In this repository, we present the submission of the RL3 team to the FinRL2024 Competition

Our submission presents an Online Adaptation method based on OAMP [1], which selects online the best expert to apply out of a pretrained pool of experts.

To train the experts of the ensemble, we split the training dataset into 10 subsets, where each subset corresponds to a calendar day. The first two days are kept for validating the OAMP algorithm. The next 7 days are used as training subsets. For each training subset, we train 3 different RL agents on the whole day, one DQN [2] agent, one PPO [3] agent and one FQI [4] agent. For DQN and PPO we employ the implementations found in stable_baselines3 [5], whereas for FQI we employ our own implementation. We evaluate each algorithm on the next day to perform hyperparameter tuning. In total, we train 21 agents, 3 for each day from 9th to 15th April. Out of these 21 agents, we choose 7 final agents to be employed in the ensemble, choosing the best out of DQN, PPO or FQI based on their respective validation scores for that day. We opt to use the first two days for validating the ensemble since the last two show a market trend reversal, this way we have a diverse set of experts that have seen diverse market regimes. The last day is kept as a final test of the Ensemble.

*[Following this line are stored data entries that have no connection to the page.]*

(* Let $\bm{X}=(E,M_1,\ldots,M_d,Y)^\top=(X_0,\ldots,X_{d+1})^\top$ satisfy $\bm{X}-\bm{\mu}_0=\bm{W}_0(\bm{X}-\bm{\mu}_0)+\bm{\varepsilon}$ with $\bm{\mu}_0=\mathrm{E}(\bm{X})$, where $\bm{W}_0$ is a real $(d+2)\times(d+2)$ matrix and $\bm{\varepsilon}=(\varepsilon_0,\ldots,\varepsilon_{d+1})^\top$ is mean zero, and suppose: (A1) the directed graph of $\bm{W}_0$ is acyclic; (A2) no mediator $M_i$ is a direct cause of $E$, and $Y$ is a direct cause of neither $E$ nor any $M_i$ (i.e. the first row and last column of $\bm{W}_0$ are zero); (A3$^*$) $\varepsilon_0,\ldots,\varepsilon_{d+1}$ are jointly normal and independent, and $\mathrm{Var}(\varepsilon_1)=\cdots=\mathrm{Var}(\varepsilon_d)=\sigma_*^2$ for some constant $\sigma_*>0$. Then $\bm{W}_0$ is identifiable from the joint distribution of $\bm{X}$: any matrix satisfying (A1), (A2) and (A3$^*$) (for some mean vector, error vector and $\sigma_*$) and generating the same joint distribution of $\bm{X}$ equals $\bm{W}_0$.
   Context: Matrices are indexed from $0$. The directed graph of $\bm{W}_0$ has vertices $X_0,\ldots,X_{d+1}$ and an arrow $X_i\to X_j$ iff $W_{0,j,i}\neq0$; $X_i$ is a direct cause of $X_j$ iff $W_{0,j,i}\neq 0$. The variances of $\varepsilon_0$ and $\varepsilon_{d+1}$ are not required to equal $\sigma_*^2$. *)

theory Defs
  imports "HOL-Probability.Probability"
begin

text \<open>Variables are indexed 0..d+1 (n = d+2): X_0 = E, X_1..X_d = mediators, X_(d+1) = Y.
  Random vectors are functions 'a => nat => real, only indices < d+2 are meaningful.
  Matrices are nat => nat => real, W j i is the entry in row j, column i.\<close>

definition graph_of :: "nat \<Rightarrow> (nat \<Rightarrow> nat \<Rightarrow> real) \<Rightarrow> (nat \<times> nat) set" where
  "graph_of n W = {(i, j). i < n \<and> j < n \<and> W j i \<noteq> 0}"

definition A1 :: "nat \<Rightarrow> (nat \<Rightarrow> nat \<Rightarrow> real) \<Rightarrow> bool" where
  "A1 d W \<longleftrightarrow> acyclic (graph_of (d + 2) W)"

definition A2 :: "nat \<Rightarrow> (nat \<Rightarrow> nat \<Rightarrow> real) \<Rightarrow> bool" where
  "A2 d W \<longleftrightarrow> (\<forall>i < d + 2. W 0 i = 0) \<and> (\<forall>j < d + 2. W j (d + 1) = 0)"

definition law :: "'a measure \<Rightarrow> nat \<Rightarrow> ('a \<Rightarrow> nat \<Rightarrow> real) \<Rightarrow> (nat \<Rightarrow> real) measure" where
  "law M d X = distr M (PiM {..<d + 2} (\<lambda>_. borel)) (\<lambda>\<omega>. restrict (X \<omega>) {..<d + 2})"

definition sem_model ::
  "'a measure \<Rightarrow> nat \<Rightarrow> (nat \<Rightarrow> nat \<Rightarrow> real) \<Rightarrow> ('a \<Rightarrow> nat \<Rightarrow> real) \<Rightarrow> ('a \<Rightarrow> nat \<Rightarrow> real)
     \<Rightarrow> (nat \<Rightarrow> real) \<Rightarrow> real \<Rightarrow> bool" where
  "sem_model M d W X \<epsilon> s \<sigma> \<longleftrightarrow>
     prob_space M \<and>
     (\<forall>j < d + 2. (\<lambda>\<omega>. X \<omega> j) \<in> borel_measurable M) \<and>
     (\<forall>\<omega> \<in> space M. \<forall>j < d + 2.
        X \<omega> j - prob_space.expectation M (\<lambda>\<omega>'. X \<omega>' j)
          = (\<Sum>i < d + 2. W j i * (X \<omega> i - prob_space.expectation M (\<lambda>\<omega>'. X \<omega>' i))) + \<epsilon> \<omega> j) \<and>
     A1 d W \<and> A2 d W \<and>
     prob_space.indep_vars M (\<lambda>_. borel) (\<lambda>i \<omega>. \<epsilon> \<omega> i) {..<d + 2} \<and>
     (\<forall>i < d + 2. s i > 0 \<and> distributed M lborel (\<lambda>\<omega>. \<epsilon> \<omega> i) (normal_density 0 (s i))) \<and>
     \<sigma> > 0 \<and> (\<forall>i. 1 \<le> i \<and> i \<le> d \<longrightarrow> s i = \<sigma>)"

For training and evaluating DQN and PPO agents, we employ an episodic setting, where in each episode we pick a random starting state in the training day and run our agents for 480 steps of 2 seconds. Therefore, our agents optimize the expected return of trading intervals of 16 minutes. We chose these values out of some preliminary testing. For training FQI, we employ the same episodic setting. FQI needs an offline dataset of interactions as input. For each training day, we generate a dataset composed of 1000 episodes of 4 baselines polices:

  • Random Agent
  • Short Only Agent
  • Long Only Agent
  • Flat Only Agent

The repository is organized as follows:

├── data # Folder containing the input datasets to trade_simulator
├── agents # Folder containing the pretrained models used in the Ensemble
├── agent # Folder containing the agent classes, used to train and load the agents
│ ├── base.py # Base agent interface
│ ├── baselines.py # Baseline agents used to generate FQI datasets
│ ├── factory.py # Agent factory used for loading and utilities
│ ├── fqi.py # Implementation of the FQI agents
│ ├── online_rl.py # Implementation of the DQN and PPO agents
├── trade_simulator.py # A slightly modified version of the simulator needed for OAMP
├── task_1_ensemble.py # Script for training, model selection and saving the Ensemble agents
├── task_1_eval.py: # Script for running the evaluation of the Ensemble with OAMP
├── requirements.txt: # Requirements needed to perform training and validation
├── readme.md: # this readme file

To execute our ensemble agent, it is enough to run task_1_eval.py, as we have already added all the configurations needed to load the agents of the ensemble and run OAMP. You only need to specify the updated BTC_1sec.csv and BTC_1sec_predict.npy relative to the evaluation period.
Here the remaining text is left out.